● **REQUIRED ACTION**: Go through the material below, find each line with the word "open", and copy those lines.

● **RECORDS FOR PROCESSING**:

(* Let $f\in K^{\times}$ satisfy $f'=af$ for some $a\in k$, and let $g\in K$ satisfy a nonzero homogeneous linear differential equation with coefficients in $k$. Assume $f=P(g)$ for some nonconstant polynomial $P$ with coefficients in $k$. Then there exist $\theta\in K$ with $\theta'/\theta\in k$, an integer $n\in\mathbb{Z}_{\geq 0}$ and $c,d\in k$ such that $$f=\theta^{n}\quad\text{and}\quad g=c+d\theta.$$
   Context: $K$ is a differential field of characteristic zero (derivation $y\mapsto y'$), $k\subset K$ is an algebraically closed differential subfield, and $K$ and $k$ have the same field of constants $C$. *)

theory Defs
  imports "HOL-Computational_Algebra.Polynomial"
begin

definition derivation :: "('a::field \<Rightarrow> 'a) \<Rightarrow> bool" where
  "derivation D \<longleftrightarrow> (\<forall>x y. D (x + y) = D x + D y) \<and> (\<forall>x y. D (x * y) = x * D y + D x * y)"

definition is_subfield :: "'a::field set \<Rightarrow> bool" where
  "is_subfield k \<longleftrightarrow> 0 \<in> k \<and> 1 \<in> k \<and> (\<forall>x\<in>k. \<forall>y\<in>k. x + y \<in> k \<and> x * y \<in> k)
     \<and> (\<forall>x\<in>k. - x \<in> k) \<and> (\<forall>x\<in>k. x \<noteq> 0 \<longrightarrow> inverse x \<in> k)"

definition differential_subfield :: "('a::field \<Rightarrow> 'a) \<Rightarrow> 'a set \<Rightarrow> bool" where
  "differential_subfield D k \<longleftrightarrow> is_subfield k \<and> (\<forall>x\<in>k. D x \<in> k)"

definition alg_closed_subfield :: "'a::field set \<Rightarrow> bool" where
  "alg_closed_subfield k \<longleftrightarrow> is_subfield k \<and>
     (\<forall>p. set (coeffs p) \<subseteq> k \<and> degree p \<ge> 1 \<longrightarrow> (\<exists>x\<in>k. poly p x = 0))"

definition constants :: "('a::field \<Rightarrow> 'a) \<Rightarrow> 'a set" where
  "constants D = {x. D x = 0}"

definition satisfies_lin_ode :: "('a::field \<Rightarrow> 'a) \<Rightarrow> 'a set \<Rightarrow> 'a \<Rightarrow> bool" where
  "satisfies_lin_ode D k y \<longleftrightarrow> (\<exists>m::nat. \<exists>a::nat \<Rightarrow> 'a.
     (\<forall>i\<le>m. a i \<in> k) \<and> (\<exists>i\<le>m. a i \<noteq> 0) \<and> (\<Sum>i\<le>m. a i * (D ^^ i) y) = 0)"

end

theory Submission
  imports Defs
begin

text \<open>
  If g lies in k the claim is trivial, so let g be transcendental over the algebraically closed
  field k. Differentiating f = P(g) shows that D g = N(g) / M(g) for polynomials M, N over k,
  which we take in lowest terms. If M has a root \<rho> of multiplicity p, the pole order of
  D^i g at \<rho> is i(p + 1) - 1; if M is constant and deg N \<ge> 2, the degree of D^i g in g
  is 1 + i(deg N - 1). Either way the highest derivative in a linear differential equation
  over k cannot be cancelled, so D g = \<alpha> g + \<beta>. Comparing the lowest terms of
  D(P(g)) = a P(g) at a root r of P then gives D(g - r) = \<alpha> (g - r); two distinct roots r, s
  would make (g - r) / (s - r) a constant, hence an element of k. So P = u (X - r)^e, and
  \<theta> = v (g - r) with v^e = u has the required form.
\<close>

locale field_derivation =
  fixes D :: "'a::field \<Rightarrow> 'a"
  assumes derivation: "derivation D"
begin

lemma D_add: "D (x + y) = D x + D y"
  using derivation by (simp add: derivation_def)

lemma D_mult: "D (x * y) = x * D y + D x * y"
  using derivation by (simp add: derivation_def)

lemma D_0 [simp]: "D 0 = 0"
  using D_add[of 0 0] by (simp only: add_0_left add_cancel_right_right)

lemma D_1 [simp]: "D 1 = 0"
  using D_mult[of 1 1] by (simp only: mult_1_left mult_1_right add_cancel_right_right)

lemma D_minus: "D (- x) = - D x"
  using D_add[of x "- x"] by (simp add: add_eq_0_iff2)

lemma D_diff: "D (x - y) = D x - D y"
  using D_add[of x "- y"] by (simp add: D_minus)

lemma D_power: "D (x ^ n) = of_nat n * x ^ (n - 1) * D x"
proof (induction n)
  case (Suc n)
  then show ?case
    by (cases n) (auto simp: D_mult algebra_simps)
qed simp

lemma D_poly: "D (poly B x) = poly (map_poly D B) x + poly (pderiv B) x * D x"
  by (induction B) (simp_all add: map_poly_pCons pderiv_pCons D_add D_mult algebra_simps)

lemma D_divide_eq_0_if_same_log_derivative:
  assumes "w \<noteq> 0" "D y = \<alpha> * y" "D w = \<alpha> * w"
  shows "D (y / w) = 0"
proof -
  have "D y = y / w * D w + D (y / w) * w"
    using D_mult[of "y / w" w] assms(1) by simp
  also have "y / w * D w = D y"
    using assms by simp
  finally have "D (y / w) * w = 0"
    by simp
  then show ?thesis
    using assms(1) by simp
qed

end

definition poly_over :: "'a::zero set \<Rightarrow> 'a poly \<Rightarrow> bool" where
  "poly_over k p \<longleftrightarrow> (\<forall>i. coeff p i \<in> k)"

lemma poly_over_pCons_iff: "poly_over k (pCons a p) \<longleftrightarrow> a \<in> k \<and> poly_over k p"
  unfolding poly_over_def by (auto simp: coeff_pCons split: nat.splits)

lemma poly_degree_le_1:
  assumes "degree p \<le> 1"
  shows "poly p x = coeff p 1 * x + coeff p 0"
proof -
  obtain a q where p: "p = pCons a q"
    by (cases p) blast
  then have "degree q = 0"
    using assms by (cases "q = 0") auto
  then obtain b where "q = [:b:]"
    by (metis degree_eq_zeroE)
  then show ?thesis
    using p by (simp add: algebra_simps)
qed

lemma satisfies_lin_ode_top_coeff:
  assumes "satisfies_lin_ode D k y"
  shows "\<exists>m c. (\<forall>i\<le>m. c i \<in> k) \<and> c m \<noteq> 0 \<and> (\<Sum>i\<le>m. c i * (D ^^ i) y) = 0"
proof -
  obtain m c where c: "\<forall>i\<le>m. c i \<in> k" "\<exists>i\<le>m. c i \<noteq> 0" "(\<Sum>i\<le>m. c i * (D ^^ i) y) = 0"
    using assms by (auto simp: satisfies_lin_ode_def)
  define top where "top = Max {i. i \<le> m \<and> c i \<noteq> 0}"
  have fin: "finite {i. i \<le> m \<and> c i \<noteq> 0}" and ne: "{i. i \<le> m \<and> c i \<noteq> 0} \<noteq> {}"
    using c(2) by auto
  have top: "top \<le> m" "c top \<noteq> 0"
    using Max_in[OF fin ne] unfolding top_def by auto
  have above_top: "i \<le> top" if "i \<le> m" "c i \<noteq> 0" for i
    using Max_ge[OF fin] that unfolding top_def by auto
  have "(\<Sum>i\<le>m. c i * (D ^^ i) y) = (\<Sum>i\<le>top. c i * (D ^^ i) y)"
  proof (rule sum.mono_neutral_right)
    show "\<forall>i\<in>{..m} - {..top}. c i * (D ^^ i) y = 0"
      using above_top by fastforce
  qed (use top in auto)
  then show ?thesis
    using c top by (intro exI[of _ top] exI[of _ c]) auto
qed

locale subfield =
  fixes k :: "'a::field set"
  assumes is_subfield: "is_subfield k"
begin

==

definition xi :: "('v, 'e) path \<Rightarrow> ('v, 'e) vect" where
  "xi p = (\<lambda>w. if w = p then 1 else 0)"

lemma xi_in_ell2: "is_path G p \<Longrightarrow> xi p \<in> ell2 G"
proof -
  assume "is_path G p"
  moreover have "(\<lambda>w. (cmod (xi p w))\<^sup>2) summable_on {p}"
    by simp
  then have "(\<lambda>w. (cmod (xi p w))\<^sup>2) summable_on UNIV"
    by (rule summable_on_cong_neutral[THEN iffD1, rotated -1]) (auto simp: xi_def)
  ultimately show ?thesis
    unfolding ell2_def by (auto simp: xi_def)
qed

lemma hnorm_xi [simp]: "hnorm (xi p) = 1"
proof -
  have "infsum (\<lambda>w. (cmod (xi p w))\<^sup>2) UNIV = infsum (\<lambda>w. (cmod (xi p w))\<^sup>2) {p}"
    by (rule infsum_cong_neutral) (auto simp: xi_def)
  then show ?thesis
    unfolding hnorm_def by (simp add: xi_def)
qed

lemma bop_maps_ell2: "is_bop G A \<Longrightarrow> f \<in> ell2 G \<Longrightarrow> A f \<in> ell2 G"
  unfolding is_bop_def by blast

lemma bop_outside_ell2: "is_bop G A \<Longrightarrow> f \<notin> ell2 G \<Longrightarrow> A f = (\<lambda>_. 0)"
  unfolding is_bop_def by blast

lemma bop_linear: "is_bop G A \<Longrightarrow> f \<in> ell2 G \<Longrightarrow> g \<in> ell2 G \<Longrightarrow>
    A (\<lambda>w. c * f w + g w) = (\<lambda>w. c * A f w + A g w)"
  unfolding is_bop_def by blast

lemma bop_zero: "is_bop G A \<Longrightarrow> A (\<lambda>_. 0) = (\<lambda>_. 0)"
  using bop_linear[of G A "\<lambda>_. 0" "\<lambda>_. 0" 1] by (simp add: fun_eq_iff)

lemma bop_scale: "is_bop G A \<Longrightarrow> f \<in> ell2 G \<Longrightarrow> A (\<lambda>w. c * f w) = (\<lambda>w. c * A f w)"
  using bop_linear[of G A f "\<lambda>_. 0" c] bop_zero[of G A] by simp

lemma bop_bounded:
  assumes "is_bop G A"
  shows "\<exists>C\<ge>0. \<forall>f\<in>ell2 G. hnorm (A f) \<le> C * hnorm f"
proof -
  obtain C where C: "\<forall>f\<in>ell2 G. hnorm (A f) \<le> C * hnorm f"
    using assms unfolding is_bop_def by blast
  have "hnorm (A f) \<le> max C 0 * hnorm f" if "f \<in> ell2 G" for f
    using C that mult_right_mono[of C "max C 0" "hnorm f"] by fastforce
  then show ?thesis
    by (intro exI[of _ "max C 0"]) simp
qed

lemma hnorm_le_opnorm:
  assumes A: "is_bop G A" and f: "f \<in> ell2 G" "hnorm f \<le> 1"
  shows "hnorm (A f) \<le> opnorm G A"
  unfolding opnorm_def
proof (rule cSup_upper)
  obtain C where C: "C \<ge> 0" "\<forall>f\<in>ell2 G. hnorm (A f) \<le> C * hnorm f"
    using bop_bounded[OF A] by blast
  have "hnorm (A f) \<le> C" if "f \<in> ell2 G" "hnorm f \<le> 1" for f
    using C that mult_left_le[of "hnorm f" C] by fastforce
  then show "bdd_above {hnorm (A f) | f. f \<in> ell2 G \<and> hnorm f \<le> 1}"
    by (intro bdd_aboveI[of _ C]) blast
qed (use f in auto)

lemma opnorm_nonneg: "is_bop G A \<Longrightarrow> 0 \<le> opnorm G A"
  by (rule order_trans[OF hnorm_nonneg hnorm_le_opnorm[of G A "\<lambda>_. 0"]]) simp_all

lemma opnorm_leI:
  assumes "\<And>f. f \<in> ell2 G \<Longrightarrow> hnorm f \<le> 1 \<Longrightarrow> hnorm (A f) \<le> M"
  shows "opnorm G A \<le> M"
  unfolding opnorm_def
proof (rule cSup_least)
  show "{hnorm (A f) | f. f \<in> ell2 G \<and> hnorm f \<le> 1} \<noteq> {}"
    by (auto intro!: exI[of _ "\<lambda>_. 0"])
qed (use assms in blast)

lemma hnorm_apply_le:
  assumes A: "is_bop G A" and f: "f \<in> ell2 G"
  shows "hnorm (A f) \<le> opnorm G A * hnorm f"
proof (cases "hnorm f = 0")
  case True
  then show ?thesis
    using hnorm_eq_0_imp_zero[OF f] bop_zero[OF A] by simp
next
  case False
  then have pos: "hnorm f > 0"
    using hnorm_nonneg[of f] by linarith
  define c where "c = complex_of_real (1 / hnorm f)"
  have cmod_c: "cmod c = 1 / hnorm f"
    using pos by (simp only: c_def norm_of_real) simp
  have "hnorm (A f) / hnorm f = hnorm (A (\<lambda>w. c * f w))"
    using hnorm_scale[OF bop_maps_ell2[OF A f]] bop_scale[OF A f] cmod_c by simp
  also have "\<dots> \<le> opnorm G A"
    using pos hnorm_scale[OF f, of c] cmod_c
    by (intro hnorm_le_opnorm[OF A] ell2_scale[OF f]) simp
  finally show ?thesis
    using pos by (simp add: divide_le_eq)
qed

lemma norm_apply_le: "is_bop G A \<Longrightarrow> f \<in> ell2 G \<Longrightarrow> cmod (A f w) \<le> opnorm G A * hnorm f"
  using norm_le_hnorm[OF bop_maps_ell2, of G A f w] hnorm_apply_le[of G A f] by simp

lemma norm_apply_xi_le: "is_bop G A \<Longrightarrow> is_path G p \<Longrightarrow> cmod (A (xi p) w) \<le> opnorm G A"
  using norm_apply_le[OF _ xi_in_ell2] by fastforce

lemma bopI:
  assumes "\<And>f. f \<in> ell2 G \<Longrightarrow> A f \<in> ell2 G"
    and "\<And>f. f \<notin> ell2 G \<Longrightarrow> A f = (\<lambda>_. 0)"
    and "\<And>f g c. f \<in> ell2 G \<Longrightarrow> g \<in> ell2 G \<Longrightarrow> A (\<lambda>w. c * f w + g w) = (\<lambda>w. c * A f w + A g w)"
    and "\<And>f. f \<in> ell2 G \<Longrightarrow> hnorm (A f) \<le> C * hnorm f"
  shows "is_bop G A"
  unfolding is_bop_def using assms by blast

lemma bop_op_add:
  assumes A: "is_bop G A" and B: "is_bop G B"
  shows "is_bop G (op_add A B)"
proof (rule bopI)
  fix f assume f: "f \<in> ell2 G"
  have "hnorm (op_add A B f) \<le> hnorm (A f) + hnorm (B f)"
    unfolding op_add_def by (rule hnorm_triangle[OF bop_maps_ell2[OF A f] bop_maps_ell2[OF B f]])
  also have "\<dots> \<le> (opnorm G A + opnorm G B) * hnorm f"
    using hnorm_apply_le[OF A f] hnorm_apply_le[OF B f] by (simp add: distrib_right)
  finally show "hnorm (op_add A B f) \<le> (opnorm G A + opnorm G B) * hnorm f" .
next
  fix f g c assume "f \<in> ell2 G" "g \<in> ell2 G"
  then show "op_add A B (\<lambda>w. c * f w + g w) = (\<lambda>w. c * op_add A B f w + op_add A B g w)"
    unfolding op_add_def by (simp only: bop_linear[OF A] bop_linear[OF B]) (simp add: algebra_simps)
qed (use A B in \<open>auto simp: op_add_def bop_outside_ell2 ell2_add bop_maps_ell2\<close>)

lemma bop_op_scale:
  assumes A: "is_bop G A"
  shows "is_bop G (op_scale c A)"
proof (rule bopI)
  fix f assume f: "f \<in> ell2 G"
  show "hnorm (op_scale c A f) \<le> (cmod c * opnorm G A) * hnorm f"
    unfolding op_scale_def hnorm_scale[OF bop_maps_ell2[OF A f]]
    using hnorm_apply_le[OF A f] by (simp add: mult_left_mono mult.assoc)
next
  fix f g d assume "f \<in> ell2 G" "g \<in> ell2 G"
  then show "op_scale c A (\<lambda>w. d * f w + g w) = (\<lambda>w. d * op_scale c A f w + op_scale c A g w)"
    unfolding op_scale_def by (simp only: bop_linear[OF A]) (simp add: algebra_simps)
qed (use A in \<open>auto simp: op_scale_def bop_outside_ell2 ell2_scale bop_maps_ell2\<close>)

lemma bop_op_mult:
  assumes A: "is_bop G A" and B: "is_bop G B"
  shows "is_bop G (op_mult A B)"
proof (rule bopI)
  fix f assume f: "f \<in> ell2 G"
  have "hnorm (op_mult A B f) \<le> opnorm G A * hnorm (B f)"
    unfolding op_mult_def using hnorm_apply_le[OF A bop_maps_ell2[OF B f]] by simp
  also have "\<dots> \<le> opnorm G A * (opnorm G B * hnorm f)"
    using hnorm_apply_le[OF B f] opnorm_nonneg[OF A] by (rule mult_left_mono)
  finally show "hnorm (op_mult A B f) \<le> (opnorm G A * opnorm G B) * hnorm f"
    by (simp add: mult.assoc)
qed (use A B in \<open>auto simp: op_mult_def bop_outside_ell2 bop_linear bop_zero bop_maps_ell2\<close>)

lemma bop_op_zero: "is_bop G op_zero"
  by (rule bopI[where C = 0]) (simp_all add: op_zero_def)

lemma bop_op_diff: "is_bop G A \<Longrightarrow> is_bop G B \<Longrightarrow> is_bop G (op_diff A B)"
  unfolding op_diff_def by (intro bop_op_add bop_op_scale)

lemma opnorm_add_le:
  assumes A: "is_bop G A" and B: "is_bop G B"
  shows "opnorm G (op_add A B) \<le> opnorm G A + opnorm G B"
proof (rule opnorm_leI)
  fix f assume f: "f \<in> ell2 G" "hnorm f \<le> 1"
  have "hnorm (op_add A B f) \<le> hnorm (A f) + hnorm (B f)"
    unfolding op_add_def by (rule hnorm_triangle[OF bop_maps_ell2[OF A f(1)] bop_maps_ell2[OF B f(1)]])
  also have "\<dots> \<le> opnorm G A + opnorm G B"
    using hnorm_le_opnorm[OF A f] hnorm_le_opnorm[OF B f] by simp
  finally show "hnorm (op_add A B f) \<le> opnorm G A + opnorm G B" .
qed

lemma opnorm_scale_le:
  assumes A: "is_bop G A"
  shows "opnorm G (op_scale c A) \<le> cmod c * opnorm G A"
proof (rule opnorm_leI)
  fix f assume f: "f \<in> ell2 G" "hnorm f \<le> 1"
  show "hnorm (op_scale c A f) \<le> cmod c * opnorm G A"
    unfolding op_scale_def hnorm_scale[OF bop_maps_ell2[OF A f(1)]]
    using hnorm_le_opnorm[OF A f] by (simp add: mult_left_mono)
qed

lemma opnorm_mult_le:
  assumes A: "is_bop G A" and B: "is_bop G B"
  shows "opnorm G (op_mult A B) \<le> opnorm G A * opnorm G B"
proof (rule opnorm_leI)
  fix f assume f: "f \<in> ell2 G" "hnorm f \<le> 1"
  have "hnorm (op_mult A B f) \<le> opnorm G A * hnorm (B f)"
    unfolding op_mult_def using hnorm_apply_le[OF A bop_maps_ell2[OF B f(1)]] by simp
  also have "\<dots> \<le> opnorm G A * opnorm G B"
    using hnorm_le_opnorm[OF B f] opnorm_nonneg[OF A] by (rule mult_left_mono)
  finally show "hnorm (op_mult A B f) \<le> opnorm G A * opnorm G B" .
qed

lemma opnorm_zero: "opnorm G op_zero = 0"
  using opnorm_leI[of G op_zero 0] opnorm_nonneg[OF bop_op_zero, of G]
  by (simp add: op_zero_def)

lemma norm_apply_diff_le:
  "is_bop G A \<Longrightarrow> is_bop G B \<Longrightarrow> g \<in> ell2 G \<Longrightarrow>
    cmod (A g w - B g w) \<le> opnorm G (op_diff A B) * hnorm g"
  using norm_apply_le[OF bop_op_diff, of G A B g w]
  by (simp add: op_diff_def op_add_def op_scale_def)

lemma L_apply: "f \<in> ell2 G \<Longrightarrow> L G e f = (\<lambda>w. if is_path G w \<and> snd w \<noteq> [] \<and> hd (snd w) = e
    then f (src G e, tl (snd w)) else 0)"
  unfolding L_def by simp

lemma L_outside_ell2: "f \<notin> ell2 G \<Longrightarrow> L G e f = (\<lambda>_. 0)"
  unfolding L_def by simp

...

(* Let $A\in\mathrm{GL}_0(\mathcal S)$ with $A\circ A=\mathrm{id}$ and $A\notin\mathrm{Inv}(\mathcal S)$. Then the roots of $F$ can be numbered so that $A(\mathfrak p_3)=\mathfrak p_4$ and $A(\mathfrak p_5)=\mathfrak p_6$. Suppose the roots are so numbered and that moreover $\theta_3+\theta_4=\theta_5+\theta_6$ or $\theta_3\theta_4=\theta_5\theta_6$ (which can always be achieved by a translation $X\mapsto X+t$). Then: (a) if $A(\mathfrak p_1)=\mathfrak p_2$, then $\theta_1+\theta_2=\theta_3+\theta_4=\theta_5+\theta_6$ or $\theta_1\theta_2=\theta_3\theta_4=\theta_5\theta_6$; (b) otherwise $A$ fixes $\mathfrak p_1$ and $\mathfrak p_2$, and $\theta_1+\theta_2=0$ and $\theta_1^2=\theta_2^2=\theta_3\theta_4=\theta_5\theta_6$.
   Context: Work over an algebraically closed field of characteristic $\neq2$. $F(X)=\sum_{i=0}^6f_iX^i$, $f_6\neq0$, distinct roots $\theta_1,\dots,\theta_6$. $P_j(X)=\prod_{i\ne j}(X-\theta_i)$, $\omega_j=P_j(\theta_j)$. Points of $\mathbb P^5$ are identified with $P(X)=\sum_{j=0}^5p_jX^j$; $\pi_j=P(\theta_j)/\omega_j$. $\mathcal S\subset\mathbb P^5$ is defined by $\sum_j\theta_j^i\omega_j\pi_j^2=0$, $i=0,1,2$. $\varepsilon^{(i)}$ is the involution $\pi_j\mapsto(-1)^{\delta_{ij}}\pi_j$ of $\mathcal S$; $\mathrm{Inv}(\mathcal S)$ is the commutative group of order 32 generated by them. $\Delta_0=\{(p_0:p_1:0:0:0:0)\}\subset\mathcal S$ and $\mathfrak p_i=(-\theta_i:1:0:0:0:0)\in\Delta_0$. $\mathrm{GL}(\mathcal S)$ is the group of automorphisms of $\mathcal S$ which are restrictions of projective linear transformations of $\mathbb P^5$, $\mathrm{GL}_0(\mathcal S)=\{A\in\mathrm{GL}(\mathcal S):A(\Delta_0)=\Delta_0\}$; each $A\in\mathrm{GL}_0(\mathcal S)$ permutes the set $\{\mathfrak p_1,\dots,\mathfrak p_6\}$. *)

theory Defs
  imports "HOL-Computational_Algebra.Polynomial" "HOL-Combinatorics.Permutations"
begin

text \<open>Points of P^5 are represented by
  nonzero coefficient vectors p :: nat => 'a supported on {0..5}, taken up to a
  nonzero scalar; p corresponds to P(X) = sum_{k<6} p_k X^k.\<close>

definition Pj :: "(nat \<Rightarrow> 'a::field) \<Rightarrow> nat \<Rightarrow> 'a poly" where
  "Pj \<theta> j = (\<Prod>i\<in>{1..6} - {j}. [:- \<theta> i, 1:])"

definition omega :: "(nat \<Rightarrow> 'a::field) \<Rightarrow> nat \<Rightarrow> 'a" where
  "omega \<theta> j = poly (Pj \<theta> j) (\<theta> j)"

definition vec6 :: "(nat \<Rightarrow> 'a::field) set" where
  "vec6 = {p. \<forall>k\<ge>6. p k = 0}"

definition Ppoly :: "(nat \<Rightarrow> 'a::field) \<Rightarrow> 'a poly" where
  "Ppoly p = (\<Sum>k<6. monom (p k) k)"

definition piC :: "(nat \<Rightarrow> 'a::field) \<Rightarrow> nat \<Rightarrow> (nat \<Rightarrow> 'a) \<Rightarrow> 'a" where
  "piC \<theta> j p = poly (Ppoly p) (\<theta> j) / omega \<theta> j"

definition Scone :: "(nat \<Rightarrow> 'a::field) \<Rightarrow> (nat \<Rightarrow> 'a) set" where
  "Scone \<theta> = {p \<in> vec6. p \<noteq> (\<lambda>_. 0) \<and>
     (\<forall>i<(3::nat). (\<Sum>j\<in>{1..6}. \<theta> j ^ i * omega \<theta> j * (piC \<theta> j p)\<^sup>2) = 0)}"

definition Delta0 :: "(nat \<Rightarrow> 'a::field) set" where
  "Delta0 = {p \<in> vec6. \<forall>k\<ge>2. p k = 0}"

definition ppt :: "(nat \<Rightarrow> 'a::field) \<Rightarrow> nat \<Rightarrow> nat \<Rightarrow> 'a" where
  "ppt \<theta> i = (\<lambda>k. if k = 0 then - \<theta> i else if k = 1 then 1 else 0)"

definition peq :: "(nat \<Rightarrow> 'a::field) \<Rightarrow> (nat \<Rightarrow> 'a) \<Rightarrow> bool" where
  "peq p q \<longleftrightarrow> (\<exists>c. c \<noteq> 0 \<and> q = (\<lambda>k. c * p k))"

● **ANSWER TO THIS EXERCISE**:
text \<open>
qed (use A B in \<open>auto simp: op_add_def bop_outside_ell2 ell2_add bop_maps_ell2\<close>)
qed (use A in \<open>auto simp: op_scale_def bop_outside_ell2 ell2_scale bop_maps_ell2\<close>)
qed (use A B in \<open>auto simp: op_mult_def bop_outside_ell2 bop_linear bop_zero bop_maps_ell2\<close>)
text \<open>Points of P^5 are represented by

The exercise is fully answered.